- Directions for this task
Set down, please, exactly the lines below that run from the line with "unfolding unpaired_def upt_one_Suc" to the line with "by (simp add: unpaired_def del: upt_Suc)", both lines included.

━━━━━ Exercise data

lemma unpaired_pair_with_first:
  assumes "m < length (unpaired n ps)"
  shows "unpaired (Suc n) (pair_with_first n ps m) =
    map Suc (take m (unpaired n ps) @ drop (Suc m) (unpaired n ps))"
proof -
  let ?j = "unpaired n ps ! m"
  have "unpaired (Suc n) (pair_with_first n ps m) =
      filter (\<lambda>i. i \<notin> set (Suc 0 # Suc ?j # map Suc (pair_seq ps))) (1 # map Suc [1..<n+1])"
    unfolding unpaired_def upt_one_Suc pair_seq_pair_with_first ..
  also have "\<dots> = map Suc (filter (\<lambda>i. Suc i \<notin> set (Suc 0 # Suc ?j # map Suc (pair_seq ps))) [1..<n+1])"
    by (simp add: filter_map comp_def del: upt_Suc)
  also have "filter (\<lambda>i. Suc i \<notin> set (Suc 0 # Suc ?j # map Suc (pair_seq ps))) [1..<n+1] =
      filter (\<lambda>i. i \<notin> set (pair_seq ps) \<and> i \<noteq> ?j) [1..<n+1]"
    by (rule filter_cong) (auto simp del: upt_Suc)
  also have "\<dots> = filter (\<lambda>i. i \<noteq> ?j) (unpaired n ps)"
    by (simp add: unpaired_def del: upt_Suc)
  also have "\<dots> = take m (unpaired n ps) @ drop (Suc m) (unpaired n ps)"
    by (rule filter_neq_nth[OF distinct_unpaired assms])
  finally show ?thesis .
qed

lemma minus_one_power_inversions_shift_pairs:
  assumes ps: "ps \<in> all_pairings n"
  shows "(-1::int) ^ inversions (pairing_order (Suc n) (shift_pairs ps)) =
    (-1) ^ inversions (pairing_order n ps)"
proof -
  have "Suc 0 \<notin> set (map Suc (pair_seq ps))"
    using zero_notin_pair_seq[OF ps] by auto
  then have "(-1::int) ^ inversions (map Suc (pair_seq ps) @ Suc 0 # map Suc (unpaired n ps)) =
      (-1) ^ inversions (Suc 0 # map Suc (pair_seq ps) @ map Suc (unpaired n ps)) * (-1) ^ (2 * length ps)"
    by (simp add: minus_one_power_inversions_move_to_front length_pair_seq del: inversions.simps)
  then show ?thesis
    by (simp add: pairing_order_def unpaired_shift_pairs[OF ps] pair_seq_shift_pairs
        inversions_Cons_Suc_0_map_Suc inversions_map_Suc flip: map_append)
qed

━━━━━━━━━━

- Exercise response
    unfolding unpaired_def upt_one_Suc pair_seq_pair_with_first ..
  also have "\<dots> = map Suc (filter (\<lambda>i. Suc i \<notin> set (Suc 0 # Suc ?j # map Suc (pair_seq ps))) [1..<n+1])"
    by (simp add: filter_map comp_def del: upt_Suc)
  also have "filter (\<lambda>i. Suc i \<notin> set (Suc 0 # Suc ?j # map Suc (pair_seq ps))) [1..<n+1] =
      filter (\<lambda>i. i \<notin> set (pair_seq ps) \<and> i \<noteq> ?j) [1..<n+1]"
    by (rule filter_cong) (auto simp del: upt_Suc)
  also have "\<dots> = filter (\<lambda>i. i \<noteq> ?j) (unpaired n ps)"
    by (simp add: unpaired_def del: upt_Suc)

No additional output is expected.